Dalle aree attrezzate ai bivacchi consentiti: guida pratica per campeggiare nei parchi italiani senza rischi

Immaginatevi sotto un cielo punteggiato di stelle, circondati dal dolce suono della natura, lontani dal trambusto della città. Questa è la magia del campeggio eco-sostenibile nei parchi nazionali naturali italiani. Un’esperienza che vi permette di riconnettervi con la terra, vivendo in armonia con l’ambiente. Se state cercando una vacanza che unisca avventura e sostenibilità, l’Italia offre alcuni dei parchi naturali più affascinanti dove poter campeggiare rispettando la natura. Scopriamo insieme alcuni di questi luoghi incantevoli.

Campeggio nei parchi naturali italiani: dove dormire davvero (senza multe) e le regole da conoscere

Parco nazionale del Gran Paradiso

Situato tra Piemonte e Valle d’Aosta, il Parco nazionale del Gran Paradiso è un paradiso per gli amanti della montagna. Qui, il campeggio è un ritorno alle origini, con aree attrezzate che rispettano l’ambiente senza rinunciare al comfort.

Oltre a dormire sotto le stelle, potrete esplorare sentieri mozzafiato e incontrare la fauna locale, come stambecchi e camosci. Assicuratevi di portare con voi attrezzature eco-friendly e rispettare le regole del parco per minimizzare il vostro impatto ambientale.

✔️ Campeggi: Valsavarenche, Cogne, Rhêmes
✔️ Rifugi alpini con possibilità di pernottamento
⚠️ Regole: bivacco consentito solo sopra i 2500 m e per una notte
Campeggio libero vietato
👉 Suggerimento pratico: prenotare campeggi come “Gran Paradiso Camping” o rifugi CAI

Parco nazionale delle Cinque Terre

Il Parco nazionale delle Cinque Terre non è solo famoso per i pittoreschi villaggi sul mare, ma anche per le opportunità di campeggio eco-sostenibile. Le terrazze a picco sul mare offrono una vista spettacolare e un’esperienza unica di immersione nella natura.

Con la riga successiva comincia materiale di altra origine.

lemma zeta_zeta_contract_cQ:
  "(\<Sum>m\<in>UNIV. \<Sum>r\<in>UNIV. complex_of_real (\<zeta> x $ m * \<zeta> x $ r) * cQ g s \<zeta> x m a r c)
   = 3/2 * ernst g s \<zeta> x a * ernst g s \<zeta> x c + 1/2 * cFF g s \<zeta> x * complex_of_real (gam g \<zeta> x a c)"
proof -
  let ?P = "cFF g s \<zeta> x"
  have expand: "complex_of_real (\<zeta> x $ m * \<zeta> x $ r) * cQ g s \<zeta> x m a r c
     = 6 * ((complex_of_real (\<zeta> x $ m) * cF g s \<zeta> x m a) * (complex_of_real (\<zeta> x $ r) * cF g s \<zeta> x r c))
       - (2 * ?P) * (complex_of_real (\<zeta> x $ m * \<zeta> x $ r) * cI g s x m a r c)" for m r
    by (simp add: cQ_def algebra_simps)
  have "(\<Sum>m\<in>UNIV. \<Sum>r\<in>UNIV. complex_of_real (\<zeta> x $ m * \<zeta> x $ r) * cQ g s \<zeta> x m a r c)
     = 6 * ((\<Sum>m\<in>UNIV. complex_of_real (\<zeta> x $ m) * cF g s \<zeta> x m a) * (\<Sum>r\<in>UNIV. complex_of_real (\<zeta> x $ r) * cF g s \<zeta> x r c))
       - (2 * ?P) * (\<Sum>m\<in>UNIV. \<Sum>r\<in>UNIV. complex_of_real (\<zeta> x $ m * \<zeta> x $ r) * cI g s x m a r c)"
    by (simp only: expand sum_subtractf sum_distrib_left[symmetric] sum_product)
  also have "\<dots> = 6 * ((- ernst g s \<zeta> x a / 2) * (- ernst g s \<zeta> x c / 2))
      - (2 * ?P) * (- (1/4) * complex_of_real (gam g \<zeta> x a c))"
    by (simp only: zeta_contract_cF zeta_zeta_contract_cI)
  finally show ?thesis by (simp add: field_simps)
qed

lemma simon_expr_cQ: "simon_expr g s \<zeta> x (cQ g s \<zeta> x) a b c = 0"
  unfolding simon_expr_def cQ_contract_zeta_cF zeta_zeta_contract_cQ by (simp add: field_simps)

end

lemma simon_expr_linear:
  "simon_expr g s \<zeta> x (\<lambda>a b c d. T a b c d + T' a b c d / w) a b c
   = simon_expr g s \<zeta> x T a b c + simon_expr g s \<zeta> x T' a b c / w"
proof -
  have first: "(\<Sum>m\<in>UNIV. \<Sum>r\<in>UNIV. \<Sum>d\<in>UNIV. (T c m r d + T' c m r d / w) * complex_of_real (\<zeta> x $ m) * cFup g s \<zeta> x r d)
     = (\<Sum>m\<in>UNIV. \<Sum>r\<in>UNIV. \<Sum>d\<in>UNIV. T c m r d * complex_of_real (\<zeta> x $ m) * cFup g s \<zeta> x r d)
       + (\<Sum>m\<in>UNIV. \<Sum>r\<in>UNIV. \<Sum>d\<in>UNIV. T' c m r d * complex_of_real (\<zeta> x $ m) * cFup g s \<zeta> x r d) / w" for c
    by (simp add: distrib_right sum.distrib sum_divide_distrib)
  have second: "(\<Sum>m\<in>UNIV. \<Sum>r\<in>UNIV. complex_of_real (\<zeta> x $ m * \<zeta> x $ r) * (T m a r c + T' m a r c / w))
     = (\<Sum>m\<in>UNIV. \<Sum>r\<in>UNIV. complex_of_real (\<zeta> x $ m * \<zeta> x $ r) * T m a r c)
       + (\<Sum>m\<in>UNIV. \<Sum>r\<in>UNIV. complex_of_real (\<zeta> x $ m * \<zeta> x $ r) * T' m a r c) / w" for a c
    by (simp add: distrib_left sum.distrib sum_divide_distrib)
  show ?thesis
    unfolding simon_expr_def first second by (simp add: algebra_simps add_divide_distrib diff_divide_distrib)
qed
lemma smooth_on_linear_df: "smooth_on U g \<Longrightarrow> x \<in> U \<Longrightarrow> linear (df g x)"
  using smooth_on_has_derivative has_derivative_linear by blast

lemma dd_const: "dd (\<lambda>_. c) vs = (\<lambda>_. if vs = [] then c else 0)"
  by (induction vs) (auto simp: df_def)

lemma smooth_on_const: "smooth_on U (\<lambda>_. c)"
  unfolding smooth_on_def dd_const by auto

lemma has_derivative_locally_constant:
  assumes "open U" "x \<in> U" "\<And>z. z \<in> U \<Longrightarrow> \<phi> z = k" "(\<phi> has_derivative \<phi>') (at x)"
  shows "\<phi>' h = 0"
proof -
  have "(\<phi> has_derivative (\<lambda>_. 0)) (at x)"
    by (rule has_derivative_transform_within_open[OF has_derivative_const assms(1,2)]) (simp add: assms(3))
  then show ?thesis using assms(4) has_derivative_unique by metis
qed

lemma inner_derivative_of_constant:
  assumes "open U" "x \<in> U" "\<And>z. z \<in> U \<Longrightarrow> inner (g z) (h z) = k"
    and "(g has_derivative g') (at x)" "(h has_derivative h') (at x)"
  shows "inner (g x) (h' v) + inner (g' v) (h x) = 0"
  using has_derivative_locally_constant[OF assms(1-3) has_derivative_inner[OF assms(4,5)]] .

lemma has_real_derivative_inner_along_line:
  fixes g :: "'a::real_normed_vector \<Rightarrow> 'b::real_inner"
  assumes "(g has_derivative g') (at (a + s *\<^sub>R p))"
  shows "((\<lambda>s. inner w (g (a + s *\<^sub>R p))) has_real_derivative inner w (g' p)) (at s)"
proof -
  have "((\<lambda>s. a + s *\<^sub>R p) has_derivative (\<lambda>h. h *\<^sub>R p)) (at s)"
    by (auto intro!: derivative_eq_intros)
  from has_derivative_inner_right[OF has_derivative_compose[OF this assms]]
  have "((\<lambda>s. inner w (g (a + s *\<^sub>R p))) has_derivative (\<lambda>h. inner w (g' (h *\<^sub>R p)))) (at s)" .
  moreover have "(\<lambda>h. inner w (g' (h *\<^sub>R p))) = (*) (inner w (g' p))"
    using assms has_derivative_linear by (fastforce simp: linear_scale mult.commute)
  ultimately show ?thesis by (simp add: has_field_derivative_def)
qed

lemma mixed_difference_mean_value:
  fixes g :: "'a::real_normed_vector \<Rightarrow> 'b::real_inner"
  assumes g: "smooth_on U g"
    and sub: "\<And>\<sigma> \<tau>. 0 \<le> \<sigma> \<Longrightarrow> \<sigma> \<le> s \<Longrightarrow> 0 \<le> \<tau> \<Longrightarrow> \<tau> \<le> t \<Longrightarrow> x + \<sigma> *\<^sub>R p + \<tau> *\<^sub>R q \<in> U"
    and "0 < s" "0 < t"
  shows "\<exists>\<sigma> \<tau>. 0 < \<sigma> \<and> \<sigma> < s \<and> 0 < \<tau> \<and> \<tau> < t \<and>
     inner w (g (x + s *\<^sub>R p + t *\<^sub>R q) - g (x + s *\<^sub>R p) - g (x + t *\<^sub>R q) + g x)
       = s * t * inner w (dd g [q,p] (x + \<sigma> *\<^sub>R p + \<tau> *\<^sub>R q))"
proof -
  define \<phi> where "\<phi> \<sigma> = inner w (g ((x + t *\<^sub>R q) + \<sigma> *\<^sub>R p)) - inner w (g (x + \<sigma> *\<^sub>R p))" for \<sigma>
  have "\<exists>\<sigma>. 0 < \<sigma> \<and> \<sigma> < s \<and> \<phi> s - \<phi> 0 = (s - 0) *
      (inner w (dd g [p] ((x + t *\<^sub>R q) + \<sigma> *\<^sub>R p)) - inner w (dd g [p] (x + \<sigma> *\<^sub>R p)))"
  proof (rule MVT2[OF \<open>0 < s\<close>])
    fix \<sigma> assume "0 \<le> \<sigma>" "\<sigma> \<le> s"
    then have "(x + t *\<^sub>R q) + \<sigma> *\<^sub>R p \<in> U" "x + \<sigma> *\<^sub>R p \<in> U"
      using sub[of \<sigma> t] sub[of \<sigma> 0] \<open>0 < t\<close> by (simp_all add: algebra_simps)
    then show "(\<phi> has_real_derivative inner w (dd g [p] ((x + t *\<^sub>R q) + \<sigma> *\<^sub>R p))
        - inner w (dd g [p] (x + \<sigma> *\<^sub>R p))) (at \<sigma>)"
      unfolding \<phi>_def
      using DERIV_diff[OF has_real_derivative_inner_along_line has_real_derivative_inner_along_line,
          OF smooth_on_has_derivative[OF g] smooth_on_has_derivative[OF g]]
      by simp
  qed
  then obtain \<sigma> where \<sigma>: "0 < \<sigma>" "\<sigma> < s" and e1: "\<phi> s - \<phi> 0 = s *
      (inner w (dd g [p] ((x + t *\<^sub>R q) + \<sigma> *\<^sub>R p)) - inner w (dd g [p] (x + \<sigma> *\<^sub>R p)))" by auto
  define \<psi> where "\<psi> \<tau> = inner w (dd g [p] ((x + \<sigma> *\<^sub>R p) + \<tau> *\<^sub>R q))" for \<tau>
  have "\<exists>\<tau>. 0 < \<tau> \<and> \<tau> < t \<and> \<psi> t - \<psi> 0 = (t - 0) * inner w (dd g [q,p] ((x + \<sigma> *\<^sub>R p) + \<tau> *\<^sub>R q))"
  proof (rule MVT2[OF \<open>0 < t\<close>])
    fix \<tau> assume "0 \<le> \<tau>" "\<tau> \<le> t"
    then have "(x + \<sigma> *\<^sub>R p) + \<tau> *\<^sub>R q \<in> U" using sub[of \<sigma> \<tau>] \<sigma> by simp
    then show "(\<psi> has_real_derivative inner w (dd g [q,p] ((x + \<sigma> *\<^sub>R p) + \<tau> *\<^sub>R q))) (at \<tau>)"
      unfolding \<psi>_def
      using has_real_derivative_inner_along_line[OF smooth_on_has_derivative_dd[OF g, of _ "[p]"]] by simp
  qed
  then obtain \<tau> where \<tau>: "0 < \<tau>" "\<tau> < t"
    and e2: "\<psi> t - \<psi> 0 = t * inner w (dd g [q,p] ((x + \<sigma> *\<^sub>R p) + \<tau> *\<^sub>R q))" by auto
  have "inner w (g (x + s *\<^sub>R p + t *\<^sub>R q) - g (x + s *\<^sub>R p) - g (x + t *\<^sub>R q) + g x) = \<phi> s - \<phi> 0"
    unfolding \<phi>_def by (simp add: inner_diff_right inner_add_right algebra_simps)
  also have "\<dots> = s * (\<psi> t - \<psi> 0)" unfolding e1 \<psi>_def by (simp add: algebra_simps)
  also have "\<dots> = s * t * inner w (dd g [q,p] (x + \<sigma> *\<^sub>R p + \<tau> *\<^sub>R q))" using e2 by simp
  finally show ?thesis using \<sigma> \<tau> by blast
qed

lemma mixed_derivatives_meet_in_ball:
  fixes g :: "'a::real_normed_vector \<Rightarrow> 'b::real_inner"
  assumes g: "smooth_on U g" and "0 < d" and ball: "ball x d \<subseteq> U"
  shows "\<exists>y\<in>ball x d. \<exists>z\<in>ball x d. inner w (dd g [q,p] y) = inner w (dd g [p,q] z)"
proof -
  define m where "m = norm p + norm q + 1"
  define s where "s = d / (2 * m)"
  have "0 < m" unfolding m_def using norm_ge_zero[of p] norm_ge_zero[of q] by linarith
  then have "0 < s" using \<open>0 < d\<close> unfolding s_def by simp
  have "s * (norm p + norm q) \<le> s * m" using \<open>0 < s\<close> unfolding m_def by simp
  also have "\<dots> < d" unfolding s_def using \<open>0 < m\<close> \<open>0 < d\<close> by simp
  finally have "s * (norm p + norm q) < d" .
  have near: "x + \<sigma> *\<^sub>R a + \<tau> *\<^sub>R b \<in> ball x d"
    if "0 \<le> \<sigma>" "\<sigma> \<le> s" "0 \<le> \<tau>" "\<tau> \<le> s" "norm a + norm b = norm p + norm q" for \<sigma> \<tau> a b
  proof -
    have "norm (\<sigma> *\<^sub>R a + \<tau> *\<^sub>R b) \<le> \<sigma> * norm a + \<tau> * norm b"
      using norm_triangle_ineq[of "\<sigma> *\<^sub>R a" "\<tau> *\<^sub>R b"] that by simp
    also have "\<dots> \<le> s * norm a + s * norm b"
      using that by (intro add_mono mult_right_mono) auto
    also have "\<dots> < d"
      using that(5) \<open>s * (norm p + norm q) < d\<close> by (simp add: distrib_left[symmetric])
    finally have "dist (x + \<sigma> *\<^sub>R a + \<tau> *\<^sub>R b) x < d" by (simp add: dist_norm)
    then show ?thesis by (simp add: dist_commute)
  qed
  obtain \<sigma>1 \<tau>1 where m1: "0 < \<sigma>1" "\<sigma>1 < s" "0 < \<tau>1" "\<tau>1 < s"
    "inner w (g (x + s *\<^sub>R p + s *\<^sub>R q) - g (x + s *\<^sub>R p) - g (x + s *\<^sub>R q) + g x)
       = s * s * inner w (dd g [q,p] (x + \<sigma>1 *\<^sub>R p + \<tau>1 *\<^sub>R q))"
    using mixed_difference_mean_value[OF g _ \<open>0 < s\<close> \<open>0 < s\<close>] near ball by blast
  obtain \<sigma>2 \<tau>2 where m2: "0 < \<sigma>2" "\<sigma>2 < s" "0 < \<tau>2" "\<tau>2 < s"
    "inner w (g (x + s *\<^sub>R q + s *\<^sub>R p) - g (x + s *\<^sub>R q) - g (x + s *\<^sub>R p) + g x)
       = s * s * inner w (dd g [p,q] (x + \<sigma>2 *\<^sub>R q + \<tau>2 *\<^sub>R p))"
    using mixed_difference_mean_value[OF g _ \<open>0 < s\<close> \<open>0 < s\<close>] near[where a = q and b = p] ball
    by (smt (verit) subsetD)
  have "g (x + s *\<^sub>R q + s *\<^sub>R p) - g (x + s *\<^sub>R q) - g (x + s *\<^sub>R p)
      = g (x + s *\<^sub>R p + s *\<^sub>R q) - g (x + s *\<^sub>R p) - g (x + s *\<^sub>R q)"
    by (simp add: add_ac)
  then have "s * s * inner w (dd g [q,p] (x + \<sigma>1 *\<^sub>R p + \<tau>1 *\<^sub>R q))
      = s * s * inner w (dd g [p,q] (x + \<sigma>2 *\<^sub>R q + \<tau>2 *\<^sub>R p))"
    using m1(5) m2(5) by metis
  then have "inner w (dd g [q,p] (x + \<sigma>1 *\<^sub>R p + \<tau>1 *\<^sub>R q))
      = inner w (dd g [p,q] (x + \<sigma>2 *\<^sub>R q + \<tau>2 *\<^sub>R p))"
    using \<open>0 < s\<close> by simp
  moreover have "x + \<sigma>1 *\<^sub>R p + \<tau>1 *\<^sub>R q \<in> ball x d" "x + \<sigma>2 *\<^sub>R q + \<tau>2 *\<^sub>R p \<in> ball x d"
    using near[of \<sigma>1 \<tau>1 p q] near[of \<sigma>2 \<tau>2 q p] m1 m2 by (simp_all add: add.commute)
  ultimately show ?thesis by blast
qed

lemma dd_swap:
  fixes g :: "'a::real_normed_vector \<Rightarrow> 'b::real_inner"
  assumes g: "smooth_on U g" and "open U" and "x \<in> U"
  shows "dd g [p,q] x = dd g [q,p] x"
proof -
  have "inner w (dd g [q,p] x) = inner w (dd g [p,q] x)" for w
  proof (rule ccontr)
    define k where "k z = inner w (dd g [q,p] z)" for z
    define l where "l z = inner w (dd g [p,q] z)" for z
    assume "inner w (dd g [q,p] x) \<noteq> inner w (dd g [p,q] x)"
    then have e: "\<bar>k x - l x\<bar> / 2 > 0" unfolding k_def l_def by simp
    have "isCont k x" "isCont l x"
      using g \<open>open U\<close> \<open>x \<in> U\<close> unfolding smooth_on_def k_def l_def
      by (auto intro!: continuous_intros simp: continuous_on_eq_continuous_at simp del: dd.simps)
    then obtain d1 d2 where "0 < d1" "k ` ball x d1 \<subseteq> ball (k x) (\<bar>k x - l x\<bar> / 2)"
      and "0 < d2" "l ` ball x d2 \<subseteq> ball (l x) (\<bar>k x - l x\<bar> / 2)"
      using e by (meson continuous_at_ball)
    moreover obtain d3 where "0 < d3" "ball x d3 \<subseteq> U"
      using \<open>open U\<close> \<open>x \<in> U\<close> open_contains_ball by blast
    moreover define d where "d = min d1 (min d2 d3)"
    ultimately have "0 < d" "ball x d \<subseteq> U" "ball x d \<subseteq> ball x d1" "ball x d \<subseteq> ball x d2"
      by auto
    then obtain y z where "y \<in> ball x d1" "z \<in> ball x d2" "k y = l z"
      using mixed_derivatives_meet_in_ball[OF g, of d x w q p] unfolding k_def l_def by blast
    with \<open>k ` _ \<subseteq> _\<close> \<open>l ` _ \<subseteq> _\<close>
    have "k y \<in> ball (k x) (\<bar>k x - l x\<bar> / 2)" "l z \<in> ball (l x) (\<bar>k x - l x\<bar> / 2)"
      by blast+
    with \<open>k y = l z\<close> show False
      unfolding mem_ball dist_real_def by (simp add: abs_if split: if_splits)
  qed
  from this[of "dd g [q,p] x - dd g [p,q] x"]
  have "inner (dd g [q,p] x - dd g [p,q] x) (dd g [q,p] x - dd g [p,q] x) = 0"
    by (simp only: inner_diff_right)
  then show ?thesis by simp
qed
lemma beta_density_has_integral_1:
  "1 \<le> l \<Longrightarrow> l \<le> M \<Longrightarrow> (beta_density M l has_integral 1) {0..1}"
  using beta_density_has_integral_bernstein_tail[of l M 0] by (simp add: bernstein_tail_at_0)

lemma mult_beta_density_Suc:
  assumes "1 \<le> l"
  shows "u * beta_density M l u = real l / (real M + 1) * beta_density (Suc M) (Suc l) u"
proof -
  have "real M * real ((M - 1) choose (l - 1)) = real l * real (M choose l)"
    using times_binomial_minus1_eq[of l M] assms by (metis of_nat_mult mult.commute not_one_le_zero neq0_conv)
  then show ?thesis
    using assms by (cases l) (simp_all add: beta_density_def field_simps)
qed

lemma beta_density_mean:
  assumes "1 \<le> l" "l \<le> M"
  shows "((\<lambda>u. u * beta_density M l u) has_integral real l / (real M + 1)) {0..1}"
proof -
  have "((\<lambda>u. real l / (real M + 1) * beta_density (Suc M) (Suc l) u)
      has_integral real l / (real M + 1) * 1) {0..1}"
    using assms by (intro has_integral_mult_right beta_density_has_integral_1) auto
  then show ?thesis
    using assms by (simp add: mult_beta_density_Suc)
qed

lemma beta_density_second_moment:
  assumes "1 \<le> l" "l \<le> M"
  shows "((\<lambda>u. u\<^sup>2 * beta_density M l u) has_integral
    real l / (real M + 1) * ((real l + 1) / (real M + 2))) {0..1}"
proof -
  define c where "c = real l / (real M + 1) * ((real l + 1) / (real M + 2))"
  have "u\<^sup>2 * beta_density M l u = u * (u * beta_density M l u)" for u
    by (simp add: power2_eq_square)
  also have "\<dots> u = real l / (real M + 1) * (u * beta_density (Suc M) (Suc l) u)" for u
    unfolding mult_beta_density_Suc[OF assms(1)] by (rule mult.left_commute)
  also have "\<dots> u = c * beta_density (Suc (Suc M)) (Suc (Suc l)) u" for u
    by (simp add: mult_beta_density_Suc c_def add.commute)
  finally have "(\<lambda>u. u\<^sup>2 * beta_density M l u) = (\<lambda>u. c * beta_density (Suc (Suc M)) (Suc (Suc l)) u)"
    by auto
  moreover have "((\<lambda>u. c * beta_density (Suc (Suc M)) (Suc (Suc l)) u) has_integral c * 1) {0..1}"
    using assms by (intro has_integral_mult_right beta_density_has_integral_1) auto
  ultimately show ?thesis
    by (simp add: c_def)
qed

lemma beta_density_variance:
  assumes "1 \<le> l" "l \<le> M"
  shows "((\<lambda>u. (u - real l / (real M + 1))\<^sup>2 * beta_density M l u) has_integral
    real l * (real M + 1 - real l) / ((real M + 1)\<^sup>2 * (real M + 2))) {0..1}"
proof -
  define t where "t = real l / (real M + 1)"
  have "((\<lambda>u. u\<^sup>2 * beta_density M l u - (2 * t) * (u * beta_density M l u) + t\<^sup>2 * beta_density M l u)
      has_integral t * ((real l + 1) / (real M + 2)) - (2 * t) * t + t\<^sup>2 * 1) {0..1}"
    unfolding t_def using assms
    by (intro has_integral_add has_integral_diff has_integral_mult_right beta_density_second_moment
        beta_density_mean beta_density_has_integral_1)
  moreover have "t * ((real l + 1) / (real M + 2)) - (2 * t) * t + t\<^sup>2 * 1
      = real l * (real M + 1 - real l) / ((real M + 1)\<^sup>2 * (real M + 2))"
    unfolding t_def by (simp add: divide_simps power2_eq_square) (simp add: algebra_simps)
  ultimately show ?thesis
    unfolding t_def[symmetric] by (simp add: power2_eq_square algebra_simps)
qed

Per un soggiorno sostenibile, scegliete campeggi che utilizzano energie rinnovabili e promuovono il riciclo dei rifiuti. Non dimenticate di assaporare i prodotti locali, provenienti da agricoltura biologica, per una vera esperienza a chilometro zero.

✔️ Campeggi: Levanto (fuori parco), Deiva Marina
✔️ Agriturismi e B&B eco-friendly
Campeggio vietato in tutto il parco
👉 Alternativa: dormire fuori dal parco e muoversi in treno

Parco nazionale dell’Aspromonte

Nella punta della Calabria, il Parco nazionale dell’Aspromonte offre un’esperienza di campeggio immersa tra rocce antiche e foreste secolari. Qui, la biodiversità è ricca e variegata, perfetta per chi ama l’osservazione della flora e della fauna.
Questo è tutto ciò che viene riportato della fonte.